As the baud doubles from 100G to 200G, the OSNR will deteriorate by about 3 dB. Therefore, a more robust FEC error correction code is required to maintain the receiver sensitivity (-5 dBm) and error floor. Therefore, as mentioned above, the optical module needs to consider encapsulating an additional layer of low-power, low-latency FEC on top of the KP4. The error correction threshold of the new FEC can be determined based on the link performance and power budget requirements. The new FEC will be described later.
Using simulations and experiments, MSA presents the link performance for a single channel 200G. The following table lists the parameters of the devices used in the link.
The experimental results show that the receiver sensitivity can reach the target value when the new FEC threshold is set to 2E-3 as shown in figure (a) below.
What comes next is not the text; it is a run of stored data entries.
lemma detour_column_properties:
  assumes "3 \<le> t" "5 \<le> s" "i < t" "b < c" "c < s"
  defines "k \<equiv> detour_column t s i b c"
  shows "k < t" "k \<noteq> i"
    and "owner_terminal_hub t s (i, c) (k, b) = ((i, b), (i, c))"
    and "owner_hub_hub t s (i, c) (k, b) = ((i, b), (i, c))"
    and "owner_hub_hub t s (k, b) (i, c) = ((i, b), (i, c))"
proof -
  have "k < t \<and> k \<noteq> i \<and> owner_terminal_hub t s (i, c) (k, b) = ((i, b), (i, c))
    \<and> owner_hub_hub t s (i, c) (k, b) = ((i, b), (i, c))
    \<and> owner_hub_hub t s (k, b) (i, c) = ((i, b), (i, c))"
  proof (cases "c - b < s - 2")
    case True
    then have k: "k = (i + 1) mod t"
      by (simp add: k_def detour_column_def)
    have "k < t" "k \<noteq> i"
      using assms(1,3) by (auto simp: k mod_Suc)
    moreover have "beats t i k" "\<not> beats t k i"
      using assms(1,3) beats_succ[of t i] beats_tournament[of t i k] \<open>k < t\<close> \<open>k \<noteq> i\<close>
      by (auto simp: k)
    moreover have "b \<noteq> (c + 1) mod s" "b \<noteq> (c + 2) mod s"
      using True assms(4,5) by (auto simp: mod_Suc mod_if)
    ultimately show ?thesis
      using assms(4) by (simp add: hub_level_def)
  next
    case False
    then have k: "k = (i + t - 1) mod t"
      by (simp add: k_def detour_column_def)
    have "k < t" "k \<noteq> i"
      using assms(1,3) by (auto simp: k) (cases i; simp add: mod_if)
    moreover have "beats t k i" "\<not> beats t i k"
      using assms(1,3) beats_pred[of t i] beats_tournament[of t i k] \<open>k < t\<close> \<open>k \<noteq> i\<close>
      by (auto simp: k)
    moreover have "b \<noteq> (c + s - 1) mod s" "c \<noteq> (b + 2) mod s"
      using False assms(2,4,5) by (auto simp: mod_if)
    ultimately show ?thesis
      using assms(4) by (simp add: hub_level_def)
  qed
  then show "k < t" "k \<noteq> i"
    and "owner_terminal_hub t s (i, c) (k, b) = ((i, b), (i, c))"
    and "owner_hub_hub t s (i, c) (k, b) = ((i, b), (i, c))"
    and "owner_hub_hub t s (k, b) (i, c) = ((i, b), (i, c))"
    by auto
qed

lemma hub_level_ne:
  assumes "3 \<le> t" "3 \<le> s" "i < t" "j < t" "i \<noteq> j" "b < s"
  shows "hub_level t s i j b \<noteq> b" "hub_level t s i j b \<noteq> hub_level t s j i b"
  using assms beats_tournament[of t i j] by (auto simp: hub_level_def mod_if)

lemma owner_hub_hub_same_level:
  assumes "3 \<le> t" "3 \<le> s" "i < t" "j < t" "i \<noteq> j" "b < s"
  shows "owner_hub_hub t s (j, hub_level t s i j b) (i, hub_level t s j i b)
    = ((min i j, b), (max i j, b))"
proof -
  have "((b + s - 1) mod s + 2) mod s = (b + 1) mod s" "((b + s - 1) mod s + 1) mod s = b"
    using assms(2,6) by (cases b; simp add: mod_if)+
  then show ?thesis
    using assms beats_tournament[of t i j] by (auto simp: hub_level_def)
qed

lemma doubleton_in_path_edges_4:
  "{x, y} \<in> path_edges [a, b, c, d] \<Longrightarrow>
   (x, y) \<in> {(a, b), (b, a), (b, c), (c, b), (c, d), (d, c)}"
  by (auto simp: doubleton_eq_iff)

lemma owner_route_same_column:
  assumes "3 \<le> t" "5 \<le> s" "i < t" "b < c" "c < s"
    and "{x, y} \<in> path_edges (route t s (i, b) (i, c))"
  shows "owner t s x y = ((i, b), (i, c))"
proof -
  define k where "k = detour_column t s i b c"
  note k = detour_column_properties[OF assms(1-5), folded k_def]
  have "(x, y) \<in> {((i, b), (t + i, c)), ((t + i, c), (i, b)), ((t + i, c), (t + k, b)),
      ((t + k, b), (t + i, c)), ((t + k, b), (i, c)), ((i, c), (t + k, b))}"
    using doubleton_in_path_edges_4 assms(6) by (simp add: k_def)
  then show ?thesis
    using k assms(3) by (elim insertE emptyE) (simp_all add: owner_def)
qed

lemma owner_route_same_level:
  assumes "3 \<le> t" "3 \<le> s" "i < j" "j < t" "b < s"
    and "{x, y} \<in> path_edges (route t s (i, b) (j, b))"
  shows "owner t s x y = ((i, b), (j, b))"
proof -
  define d d' where "d = hub_level t s i j b" and "d' = hub_level t s j i b"
  have "(x, y) \<in> {((i, b), (t + j, d)), ((t + j, d), (i, b)), ((t + j, d), (t + i, d')),
      ((t + i, d'), (t + j, d)), ((t + i, d'), (j, b)), ((j, b), (t + i, d'))}"
    using doubleton_in_path_edges_4 assms(3,6) by (simp add: d_def d'_def)
  then show ?thesis
    using assms owner_hub_hub_same_level[of t s i j b] owner_hub_hub_same_level[of t s j i b]
    by (elim insertE emptyE) (simp_all add: owner_def d_def d'_def)
qed

lemma owner_route_direct:
  assumes "i < j" "j < t" "b \<noteq> c"
    and "{x, y} \<in> path_edges (route t s (i, b) (j, c))"
  shows "owner t s x y = ((i, b), (j, c))"
proof -
  have "(x, y) = ((i, b), (j, c)) \<or> (x, y) = ((j, c), (i, b))"
    using assms by (simp add: doubleton_eq_iff)
  then show ?thesis
    using assms(1,2) by (elim disjE) (simp_all add: owner_def)
qed

lemma owner_route:
  assumes "3 \<le> t" "5 \<le> s" "i < t" "j < t" "b < s" "c < s" "i < j \<or> (i = j \<and> b < c)"
    and "{x, y} \<in> path_edges (route t s (i, b) (j, c))"
  shows "owner t s x y = ((i, b), (j, c))"
proof -
  consider "i = j" "b < c" | "i < j" "b \<noteq> c" | "i < j" "b = c"
    using assms(7) by blast
  then show ?thesis
  proof cases
    case 1
    then show ?thesis
      using owner_route_same_column[of t s i b c x y] assms(1-3,6,8)
      by (simp del: route.simps path_edges_Cons_Cons)
  next
    case 2
    then show ?thesis
      using owner_route_direct[of i j t b c x y s] assms(4,8) by blast
  next
    case 3
    then show ?thesis
      using owner_route_same_level[of t s i j b x y] assms(1,2,4,5,8)
      by (simp del: route.simps path_edges_Cons_Cons)
  qed
qed

lemma route_odd_path:
  assumes "3 \<le> t" "5 \<le> s" "i < t" "j < t" "b < s" "c < s" "i < j \<or> (i = j \<and> b < c)"
  defines "R \<equiv> route t s (i, b) (j, c)"
  shows "is_path (direct_product (complete_graph (2 * t)) (complete_graph s)) R"
    and "hd R = (i, b)" "last R = (j, c)" "odd (path_len R)" "\<forall>w \<in> interior R. t \<le> fst w"
proof -
  note verts = verts_direct_product verts_complete_graph
  consider "i = j" "b < c" | "i < j" "b \<noteq> c" | "i < j" "b = c"
    using assms(7) by blast
  then have "is_path (direct_product (complete_graph (2 * t)) (complete_graph s)) R
    \<and> hd R = (i, b) \<and> last R = (j, c) \<and> odd (path_len R) \<and> (\<forall>w \<in> interior R. t \<le> fst w)"
  proof cases
    case 1
    then show ?thesis
      using assms detour_column_properties[of t s i b c]
      by (auto simp: path_len_def interior_def verts intro!: is_path_4 direct_product_complete_edgeI)
  next
    case 2
    then show ?thesis
      using assms
      by (auto simp: path_len_def interior_def verts intro!: is_path_2 direct_product_complete_edgeI)
  next
    case 3
    then show ?thesis
      using assms hub_level_lt[of s t] hub_level_ne[of t s i j b] hub_level_ne[of t s j i b]
      by (auto simp: path_len_def interior_def verts intro!: is_path_4 direct_product_complete_edgeI)
  qed
  then show "is_path (direct_product (complete_graph (2 * t)) (complete_graph s)) R"
    and "hd R = (i, b)" "last R = (j, c)" "odd (path_len R)" "\<forall>w \<in> interior R. t \<le> fst w"
    by auto
qed

lemma div_mod_lex_less:
  fixes u v s :: nat
  assumes "u < v" "0 < s"
  shows "u div s < v div s \<or> (u div s = v div s \<and> u mod s < v mod s)"
proof -
  have "u div s \<le> v div s" using assms by (simp add: div_le_mono)
  moreover have "u mod s < v mod s" if "u div s = v div s"
  proof -
    have "u div s * s + u mod s < v div s * s + v mod s" using assms by simp
    then show ?thesis using that by (metis nat_add_left_cancel_less)
  qed
  ultimately show ?thesis by linarith
qed

lemma contains_toi_direct_product_complete_graph:
  assumes t: "3 \<le> t" and s: "5 \<le> s"
  shows "contains_toi (direct_product (complete_graph (2 * t)) (complete_graph s))
    (complete_graph (t * s))"
proof -
  let ?G = "direct_product (complete_graph (2 * t)) (complete_graph s)"
  define f where "f n = (n div s, n mod s)" for n
  have f_range: "n div s < t" "n mod s < s" if "n < t * s" for n
    using that s by (auto simp: less_mult_imp_div_less)
  show ?thesis
  proof (rule contains_toi_complete_graphI[where f = f and owner = "owner t s"
        and R = "\<lambda>u v. route t s (f u) (f v)"])
    show "inj_on f {0..<t * s}"
      unfolding inj_on_def f_def by (metis div_mult_mod_eq prod.inject)
    show "f ` {0..<t * s} \<subseteq> verts ?G"
      using f_range by (fastforce simp: f_def verts_direct_product verts_complete_graph)
  next
    fix u v assume uv: "u < v" "v < t * s"
    let ?R = "route t s (f u) (f v)"
    have u: "u div s < t" "u mod s < s" and v: "v div s < t" "v mod s < s"
      using f_range uv by auto
    have lex: "u div s < v div s \<or> (u div s = v div s \<and> u mod s < v mod s)"
      using div_mod_lex_less uv(1) s by simp
    note route_facts = route_odd_path[OF t s u(1) v(1) u(2) v(2) lex]
      owner_route[OF t s u(1) v(1) u(2) v(2) lex]
    have "interior ?R \<inter> f ` {0..<t * s} = {}"
      using route_facts(5) f_range(1) by (force simp: f_def simp del: route.simps)
    then show "is_path ?G ?R \<and> hd ?R = f u \<and> last ?R = f v \<and> odd (path_len ?R)
        \<and> interior ?R \<inter> f ` {0..<t * s} = {}"
      using route_facts(1-4) by (simp add: f_def del: route.simps)
    show "owner t s a b = (f u, f v)" if "{a, b} \<in> path_edges ?R" for a b
      using route_facts(6) that by (simp add: f_def del: route.simps)
  qed
qed

theorem mainTheorem4:
  fixes t s :: nat
  assumes "t \<ge> 6" and "s \<ge> 5"
  shows "t * s \<le> toi (direct_product (complete_graph (2 * t)) (complete_graph s))"
proof (rule toi_lower_bound)
  show "finite (verts (direct_product (complete_graph (2 * t)) (complete_graph s)))"
    by (simp add: verts_direct_product verts_complete_graph)
  show "contains_toi (direct_product (complete_graph (2 * t)) (complete_graph s))
      (complete_graph (t * s))"
    using assms by (intro contains_toi_direct_product_complete_graph) auto
qed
However, in this experiment, maximum likelihood sequence estimation (MLSE) is needed to compensate for excessive inter-symbol interference caused by the channel bandwidth limitation.
(a) The experimental and simulation results of single-channel 200G match each other; (b) The simulation results of single-channel 200G when the bandwidth of the adopted device is improved: the power budget can be satisfied by using FFE equalization
The dashed line in the above figure (a) shows the results of the simulations using the measured parameters of the devices used in the experiments. Combined with the experimental results, the simulation shows that the system is limited by the bandwidth of components such as AD/DA, drivers, and E/O modulators. The simulation results based on the same system model (bandwidth expansion) are shown in figure (b) above considering the components that are expected to provide higher bandwidth in the coming years and based on the same system model. The results show that with only FFE equalization in the DSP unit, the receiver sensitivity of 2E-3 can be met, as expected from the theory.
Based on the above analysis, it is still recommended to follow TDECQ in the compliance test in the 800G-FR4 scheme. However, the number of FFE taps of the reference receiver used in the TDECQ measurements needs to be considered to increase to a reasonable value, what exactly needs to be further discussed. In addition, it should be noted that if future capabilities for 100Gbaud optical devices are lower than expected, then more complex algorithms (e.g. MLSE) may need to be used in the FR4 scheme, which means that a new compliance scheme for 800G-FR4 will be necessary.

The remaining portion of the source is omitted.